**Task to carry out**
Only lines holding "assms" are wanted; copy each of them from the records below.

**Dataset records**
text \<open>
  Subtracting the integer w = \<lfloor>r1\<rfloor> does not change which denominators d admit a fraction
  m/d in (r1, r2), so d* is the least d \<ge> 1 for which (d, m) lies strictly inside the cone
  eps1 d < m < eps2 d for some m, while d_1 is the least m occurring in such a point.
  Every point (d, m) of the cone has d_1 \<le> m < eps2 d, whence d* > d_1/eps2. Conversely,
  if (n, d_1) is in the cone then n > d_1/eps2, so d = \<lfloor>d_1/eps2\<rfloor> + 1 \<le> n and (d, d_1)
  is in the cone too, whence d* \<le> d. Read as fractions m/d, the cone consists of the rationals
  between 1/eps2 and 1/eps1, and d_1 is the least denominator of such a rational.
\<close>

definition int_between :: "'a::floor_ceiling \<Rightarrow> 'a \<Rightarrow> bool" where
  "int_between x y \<longleftrightarrow> (\<exists>m::int. x < of_int m \<and> of_int m < y)"

lemma int_between_add_of_int:
  "int_between (x + of_int k) (y + of_int k) \<longleftrightarrow> int_between x y"
proof
  assume "int_between (x + of_int k) (y + of_int k)"
  then obtain m where "x + of_int k < of_int m" "of_int m < y + of_int k"
    unfolding int_between_def by blast
  then have "x < of_int (m - k) \<and> of_int (m - k) < y" by simp
  then show "int_between x y" unfolding int_between_def by blast
next
  assume "int_between x y"
  then obtain m where "x < of_int m" "of_int m < y"
    unfolding int_between_def by blast
  then have "x + of_int k < of_int (m + k) \<and> of_int (m + k) < y + of_int k" by simp
  then show "int_between (x + of_int k) (y + of_int k)" unfolding int_between_def by blast
qed

lemma ex_int_divide_between_iff:
  fixes x y c :: "'a::floor_ceiling"
  assumes "0 < c"
  shows "(\<exists>m::int. x < of_int m / c \<and> of_int m / c < y) \<longleftrightarrow> int_between (x * c) (y * c)"
  using assms by (simp add: int_between_def pos_less_divide_eq pos_divide_less_eq)

lemma ex_fraction_between_iff_shifted:
  fixes x y :: "'a::floor_ceiling"
  assumes "d \<ge> 1"
  shows "(\<exists>m::int. x < of_int m / of_nat d \<and> of_int m / of_nat d < y) \<longleftrightarrow>
    int_between ((x - of_int w) * of_nat d) ((y - of_int w) * of_nat d)"
  using assms int_between_add_of_int[of "(x - of_int w) * of_nat d" "w * int d"
      "(y - of_int w) * of_nat d"]
  by (simp add: ex_int_divide_between_iff algebra_simps)

lemma int_between_divide_iff:
  fixes a b e :: "'a::floor_ceiling"
  assumes "0 < a" "0 < b"
  shows "int_between (e / b) (e / a) \<longleftrightarrow> (\<exists>n::int. a * of_int n < e \<and> e < b * of_int n)"
  using assms by (auto simp: int_between_def pos_less_divide_eq pos_divide_less_eq mult.commute)

lemma ex_int_between_multiples:
  fixes a b :: "'a::floor_ceiling"
  assumes "a < b"
  shows "\<exists>d::nat. d \<ge> 1 \<and> int_between (a * of_nat d) (b * of_nat d)"
proof -
  obtain d :: nat where d: "1 / (b - a) < of_nat d"
    using reals_Archimedean2 by blast
  have gap: "1 < (b - a) * of_nat d" using d assms by (simp add: field_simps)
  then have "0 < d" by (cases d) auto
  define m where "m = \<lfloor>a * of_nat d\<rfloor> + 1"
  have "a * of_nat d < of_int m" "of_int m \<le> a * of_nat d + 1"
    unfolding m_def using floor_correct[of "a * of_nat d"] by simp_all
  with gap have "int_between (a * of_nat d) (b * of_nat d)"
    unfolding int_between_def by (intro exI[of _ m]) (auto simp: algebra_simps)
  with \<open>0 < d\<close> show ?thesis by (intro exI[of _ d]) simp
qed

lemma numerator_below_denominator:
  fixes a b :: "'a::floor_ceiling"
  assumes "0 < a" "0 < b" "d \<ge> 1" "int_between (a * of_nat d) (b * of_nat d)"
  obtains e :: nat where "e \<ge> 1" "int_between (of_nat e / b) (of_nat e / a)"
    "of_nat e < b * of_nat d"
proof -
  obtain m :: int where m: "a * of_nat d < of_int m" "of_int m < b * of_nat d"
    using assms(4) unfolding int_between_def by blast
  have "0 < a * of_nat d" using assms by simp
  then have "(0::'a) < of_int m" using m(1) by linarith
  then have "m \<ge> 1" by simp
  then have m_nat: "of_nat (nat m) = (of_int m :: 'a)" by simp
  have "int_between (of_nat (nat m) / b) (of_nat (nat m) / a)"
    unfolding int_between_divide_iff[OF assms(1,2)] m_nat
    using m by (intro exI[of _ "int d"]) (simp add: mult.commute)
  with \<open>m \<ge> 1\<close> m(2) m_nat show ?thesis by (intro that[of "nat m"]) simp_all
qed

**Response to the task**
  using assms by (simp add: int_between_def pos_less_divide_eq pos_divide_less_eq)
  using assms int_between_add_of_int[of "(x - of_int w) * of_nat d" "w * int d"
  using assms by (auto simp: int_between_def pos_less_divide_eq pos_divide_less_eq mult.commute)
  have gap: "1 < (b - a) * of_nat d" using d assms by (simp add: field_simps)
    using assms(4) unfolding int_between_def by blast
  have "0 < a * of_nat d" using assms by simp
    unfolding int_between_divide_iff[OF assms(1,2)] m_nat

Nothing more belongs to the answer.